Much in the same way that it was once a mantra that no global company could afford to not have a China strategy, no company – global or not – can afford not to have a forward-thinking digital strategy. Likewise, no location can afford not to be digital-led in its economic development, investment promotion or even governance approach. A strategy that isn’t digital is no strategy at all.

So, we can all agree that every company, organisation and government should be digital-savvy, but there is a vast spectrum of savviness and success on this score. In our inaugural rankings of FDI attractiveness for digital industries and tech companies, the British Isles are gigabytes ahead of many other competing locations, with London leading the world in this league table and Dublin and Belfast also performing well. The Anglosphere in general outpaces much of the rest of the world in being geared towards digital investments: Canadian and US cities also rank well in the shortlists and North American cities top the FDI Strategy listing for their innovative tech-led promotion strategies. Elsewhere, Singapore – which seems to have never met a business or economic ranking it doesn’t shine in – outperforms New York and Silicon Valley even, coming in at number three globally, while Hong Kong and Tokyo make the top 10.

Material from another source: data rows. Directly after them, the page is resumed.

lemma has_real_derivative_max_0_square:
  "((\<lambda>s. (max 0 s)\<^sup>2) has_real_derivative 2 * max 0 s) (at s)" for s :: real
proof -
  consider "s > 0" | "s < 0" | "s = 0" by linarith
  then show ?thesis
  proof cases
    case 1
    have ev: "eventually (\<lambda>t. (max 0 t)\<^sup>2 = t\<^sup>2) (nhds s)"
      using eventually_nhds_in_open[of "{0<..}" s] 1 by (auto elim!: eventually_mono)
    show ?thesis
      using 1 by (subst DERIV_cong_ev[OF refl ev refl]) (auto intro!: derivative_eq_intros)
  next
    case 2
    have ev: "eventually (\<lambda>t. (max 0 t)\<^sup>2 = 0) (nhds s)"
      using eventually_nhds_in_open[of "{..<0}" s] 2 by (auto elim!: eventually_mono)
    show ?thesis
      using 2 by (subst DERIV_cong_ev[OF refl ev refl]) simp
  next
    case 3
    have "((\<lambda>h. max 0 h) \<longlongrightarrow> max 0 0) (at (0::real))"
      by (intro tendsto_max tendsto_const tendsto_ident_at)
    moreover have "((max 0 (0 + h))\<^sup>2 - (max 0 0)\<^sup>2) / h = max 0 h" for h :: real
      by (auto simp: max_def power2_eq_square)
    ultimately show ?thesis
      using 3 by (simp add: DERIV_def)
  qed
qed

definition bump :: "'a::real_inner \<Rightarrow> real \<Rightarrow> 'a \<Rightarrow> real" where
  "bump c \<epsilon> x = (max 0 (\<epsilon>\<^sup>2 - (x - c) \<bullet> (x - c)))\<^sup>2"

definition bump_deriv :: "'a::real_inner \<Rightarrow> real \<Rightarrow> 'a \<Rightarrow> 'a \<Rightarrow> real" where
  "bump_deriv c \<epsilon> x v = -4 * max 0 (\<epsilon>\<^sup>2 - (x - c) \<bullet> (x - c)) * ((x - c) \<bullet> v)"

lemma has_derivative_bump: "(bump c \<epsilon> has_derivative bump_deriv c \<epsilon> x) (at x)"
proof -
  have "((\<lambda>x. \<epsilon>\<^sup>2 - (x - c) \<bullet> (x - c)) has_derivative (\<lambda>v. - (2 * ((x - c) \<bullet> v)))) (at x)"
    by (auto intro!: derivative_eq_intros simp: inner_commute)
  from has_derivative_compose[OF this
      has_real_derivative_max_0_square[unfolded has_field_derivative_def]]
  show ?thesis
    by (simp add: bump_def[abs_def] bump_deriv_def[abs_def] o_def algebra_simps)
qed

lemma continuous_on_bump: "continuous_on S (bump c \<epsilon>)"
  unfolding bump_def by (intro continuous_intros)

lemma continuous_on_bump_deriv: "continuous_on S (\<lambda>x. bump_deriv c \<epsilon> x v)"
  unfolding bump_deriv_def by (intro continuous_intros)

lemma bump_nonneg: "bump c \<epsilon> x \<ge> 0"
  unfolding bump_def by simp

lemma bump_eq_0:
  assumes "0 \<le> \<epsilon>" "\<epsilon> \<le> norm (x - c)"
  shows "bump c \<epsilon> x = 0" "bump_deriv c \<epsilon> x v = 0"
proof -
  have "\<epsilon>\<^sup>2 \<le> (x - c) \<bullet> (x - c)"
    using power_mono[OF assms(2,1), of 2] by (simp add: power2_norm_eq_inner)
  then show "bump c \<epsilon> x = 0" "bump_deriv c \<epsilon> x v = 0"
    by (simp_all add: bump_def bump_deriv_def)
qed

lemma bump_pos:
  assumes "norm (x - c) < \<epsilon>"
  shows "bump c \<epsilon> x > 0"
proof -
  have "(x - c) \<bullet> (x - c) < \<epsilon>\<^sup>2"
    using power_strict_mono[OF assms norm_ge_zero, of 2] by (simp add: power2_norm_eq_inner)
  then show ?thesis by (simp add: bump_def)
qed

lemma bump_neq_0_imp_near:
  assumes "bump c \<epsilon> x \<noteq> 0" "0 \<le> \<epsilon>"
  shows "norm (x - c) < \<epsilon>"
  using bump_eq_0(1)[of \<epsilon> x c] assms by force

lemma bumps_distance:
  assumes "bump c \<epsilon> x \<noteq> 0" "bump c' \<epsilon> y \<noteq> 0" "0 \<le> \<epsilon>"
  shows "\<bar>norm (x - y) - norm (c - c')\<bar> < 2 * \<epsilon>"
proof -
  have "\<bar>norm (x - y) - norm (c - c')\<bar> \<le> norm ((x - c) - (y - c'))"
    using norm_triangle_ineq3[of "x - y" "c - c'"] by (simp add: algebra_simps)
  also have "\<dots> \<le> norm (x - c) + norm (y - c')"
    by (rule norm_triangle_ineq4)
  also have "\<dots> < 2 * \<epsilon>"
    using bump_neq_0_imp_near[OF assms(1,3)] bump_neq_0_imp_near[OF assms(2,3)] by simp
  finally show ?thesis .
qed

lemma nn_integral_bump_square:
  assumes "\<epsilon> > 0"
  obtains m where "m > 0" "\<And>c::'a::euclidean_space. (\<integral>\<^sup>+x. ennreal ((bump c \<epsilon> x)\<^sup>2) \<partial>lebesgue) = ennreal m"
proof -
  have cont: "continuous_on UNIV (\<lambda>x. (bump c \<epsilon> x)\<^sup>2)" for c :: 'a
    by (intro continuous_intros continuous_on_bump)
  have int: "integrable lebesgue (\<lambda>x::'a. (bump 0 \<epsilon> x)\<^sup>2)"
  proof (rule integrable_lebesgue_vanishing_outside_ball[OF cont])
    show "(bump 0 \<epsilon> x)\<^sup>2 = 0" if "\<epsilon> < norm x" for x
      using bump_eq_0(1)[of \<epsilon> x 0] assms that by simp
  qed
  define m where "m = (\<integral>x. (bump (0::'a) \<epsilon> x)\<^sup>2 \<partial>lebesgue)"
  have "\<not> (AE x in lebesgue. (bump (0::'a) \<epsilon> x)\<^sup>2 = 0)"
    using bump_pos[of "0::'a" 0 \<epsilon>] assms by (intro not_AE_eq_0_if_continuous[OF cont, where x=0]) simp
  then have "m \<noteq> 0"
    by (simp add: m_def integral_nonneg_eq_0_iff_AE[OF int])
  then have "m > 0"
    unfolding m_def by (simp add: order_less_le)
  moreover have "(\<integral>\<^sup>+x. ennreal ((bump c \<epsilon> x)\<^sup>2) \<partial>lebesgue) = ennreal m" for c :: 'a
  proof -
    have [measurable]: "(\<lambda>x. (bump c \<epsilon> x)\<^sup>2) \<in> borel_measurable borel"
      by (rule borel_measurable_continuous_onI[OF cont])
    have "(\<integral>\<^sup>+x. ennreal ((bump c \<epsilon> x)\<^sup>2) \<partial>lebesgue) = (\<integral>\<^sup>+x. ennreal ((bump c \<epsilon> (c + x))\<^sup>2) \<partial>lborel)"
      by (simp add: nn_integral_completion nn_integral_lborel_translate[where f="\<lambda>x. ennreal ((bump c \<epsilon> x)\<^sup>2)"])
    also have "\<dots> = (\<integral>\<^sup>+x. ennreal ((bump (0::'a) \<epsilon> x)\<^sup>2) \<partial>lebesgue)"
      by (simp add: nn_integral_completion bump_def)
    also have "\<dots> = ennreal m"
      unfolding m_def using int by (rule nn_integral_eq_integral) simp
    finally show ?thesis .
  qed
  ultimately show ?thesis by (rule that)
qed

lemma bump_pair_in_Xsp:
  fixes c c' :: "real^2"
  assumes "\<epsilon> \<ge> 0"
  shows "(\<lambda>x. bump c \<epsilon> x + bump c' \<epsilon> x) \<in> Xsp"
proof (rule C1_vanishing_outside_ball_in_Xsp)
  show "((\<lambda>x. bump c \<epsilon> x + bump c' \<epsilon> x) has_derivative
      (\<lambda>v. bump_deriv c \<epsilon> x v + bump_deriv c' \<epsilon> x v)) (at x)" for x
    by (intro has_derivative_add has_derivative_bump)
  show "continuous_on UNIV (\<lambda>x. bump_deriv c \<epsilon> x v + bump_deriv c' \<epsilon> x v)" for v
    by (intro continuous_intros continuous_on_bump_deriv)
  show "bump c \<epsilon> x + bump c' \<epsilon> x = 0 \<and> bump_deriv c \<epsilon> x v + bump_deriv c' \<epsilon> x v = 0"
    if "norm c + norm c' + \<epsilon> < norm x" for x v
  proof -
    have "\<epsilon> \<le> norm (x - c)" "\<epsilon> \<le> norm (x - c')"
      using that norm_triangle_ineq2[of x c] norm_triangle_ineq2[of x c'] norm_ge_zero[of c]
        norm_ge_zero[of c'] by linarith+
    then show ?thesis by (simp add: bump_eq_0[OF assms])
  qed
qed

Continental Europe lags behind. The top ranked city is Amsterdam, ranked sixth globally, followed by Paris. This fits with a wider gap in how European investment locations promote themselves versus, say, American counterparts. US economic development agencies have been the first to adopt technology tools to promote themselves and engage with corporate site selectors; European cities are only now waking up to the full digital possibilities. Indeed, deploying technology as a promotional tool to attract companies and actually building local digital industries and attracting tech companies are not one in the same – but digital is as digital does, so it is a good a place to start as any.